Finalmente, la definición que Temple adoptó afirma el importante punto que dice que el verdadero evangelismo se resuelve en el discipulado. No es simplemente cuestión de anunciar las buenas nuevas, o lograr decisiones a favor de Cristo, haciendo que levanten las manos, o mediante un acto de dedicación. El objetivo en evangelismo no es ni más ni menos que cumplir La Gran Comisión y hacer discípulos de Jesucristo. Un discípulo es un aprendiz. Y el evangelismo que es auténtico termina en una vida que es cambiada, cuya dirección se invierte para ir por el camino de Cristo. Habrá muchas caídas, por supuesto, pero la dirección es lo que cuenta. Y la dirección del cristiano debe seguir el camino de Cristo y buscar servirle como nuestro Rey en la confraternidad de hermanos y hermanas cristianos de la iglesia. El negocio del evangelista no es simplemente buscar decisiones, por importante que sea este elemento, como efectivamente lo es. Su trabajo es hacer discípulos, no para sí mismo, su iglesia, o su organización; su trabajo es hacer discípulos para Jesucristo.

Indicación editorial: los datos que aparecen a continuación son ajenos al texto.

lemma Phi_le_add:
  assumes "pmetric1 d1" "pmetric1 d2" "\<And>x y. d2 x y \<le> d1 x y + c" "0 \<le> c"
  shows "Phi d2 x y \<le> Phi d1 x y + c / 2"
  unfolding Phi_def lift_d_eq_lift_dist
proof (rule hausdorff_le_add[OF finite_beta finite_beta])
  show "0 \<le> lift_dist d1 p q" "lift_dist d2 p q \<le> 1" for p q
    using assms(1,2) lift_dist_bounds unfolding pmetric1_def by blast+
  show "lift_dist d2 p q \<le> lift_dist d1 p q + c / 2" for p q
    using assms(3,4) by (rule lift_dist_le_add)
qed (use assms(4) in simp)

definition bd_approx :: "nat \<Rightarrow> 'a beh \<Rightarrow> 'a beh \<Rightarrow> real" where
  "bd_approx k = (Phi ^^ k) (\<lambda>_ _. 0)"

lemma bd_approx_0: "bd_approx 0 x y = 0"
  by (simp add: bd_approx_def)

lemma bd_approx_Suc: "bd_approx (Suc k) = Phi (bd_approx k)"
  by (simp add: bd_approx_def)

lemma pmetric1_bd_approx: "pmetric1 (bd_approx k)"
proof (induction k)
  case 0
  show ?case by (simp add: bd_approx_def pmetric1_def)
next
  case (Suc k)
  then show ?case by (simp add: bd_approx_Suc Phi_pmetric1)
qed

lemma bd_approx_bounds: "0 \<le> bd_approx k x y \<and> bd_approx k x y \<le> 1"
  using pmetric1_bd_approx unfolding pmetric1_def by blast

lemma bd_approx_self: "bd_approx k x x = 0"
  using pmetric1_bd_approx unfolding pmetric1_def by blast

lemma bd_approx_Suc_mono: "bd_approx k x y \<le> bd_approx (Suc k) x y"
proof (induction k arbitrary: x y)
  case (Suc k)
  have "Phi (bd_approx k) x y \<le> Phi (bd_approx (Suc k)) x y + 0 / 2"
    by (rule Phi_le_add[OF pmetric1_bd_approx pmetric1_bd_approx]) (simp_all add: Suc)
  then show ?case by (simp add: bd_approx_Suc)
qed (simp add: bd_approx_0 bd_approx_bounds)

lemma bd_approx_mono: "k \<le> m \<Longrightarrow> bd_approx k x y \<le> bd_approx m x y"
  using lift_Suc_mono_le[of "\<lambda>k. bd_approx k x y"] bd_approx_Suc_mono by blast

lemma bd_approx_Suc_le: "bd_approx (Suc k) x y \<le> bd_approx k x y + (1/2)^k"
proof (induction k arbitrary: x y)
  case 0
  then show ?case using bd_approx_bounds[of 1 x y] by (simp add: bd_approx_0)
next
  case (Suc k)
  have "Phi (bd_approx (Suc k)) x y \<le> Phi (bd_approx k) x y + (1/2)^k / 2"
    by (rule Phi_le_add[OF pmetric1_bd_approx pmetric1_bd_approx]) (simp_all add: Suc)
  then show ?case by (simp add: bd_approx_Suc)
qed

Eso, y sólo, es evangelismo. Y los cristianos primitivos siempre lo hicieron: en los establecimientos y en las calles, en las lavanderías y a la orilla del mar. En muchas partes del mundo, especialmente en África, Asia y Latinoamérica, todavía lo hacen. Pero en la mayor parte de Europa y Norteamérica no hacemos de buen grado el evangelismo directo, cálido y entusiasta. ¿Hasta cuándo será así?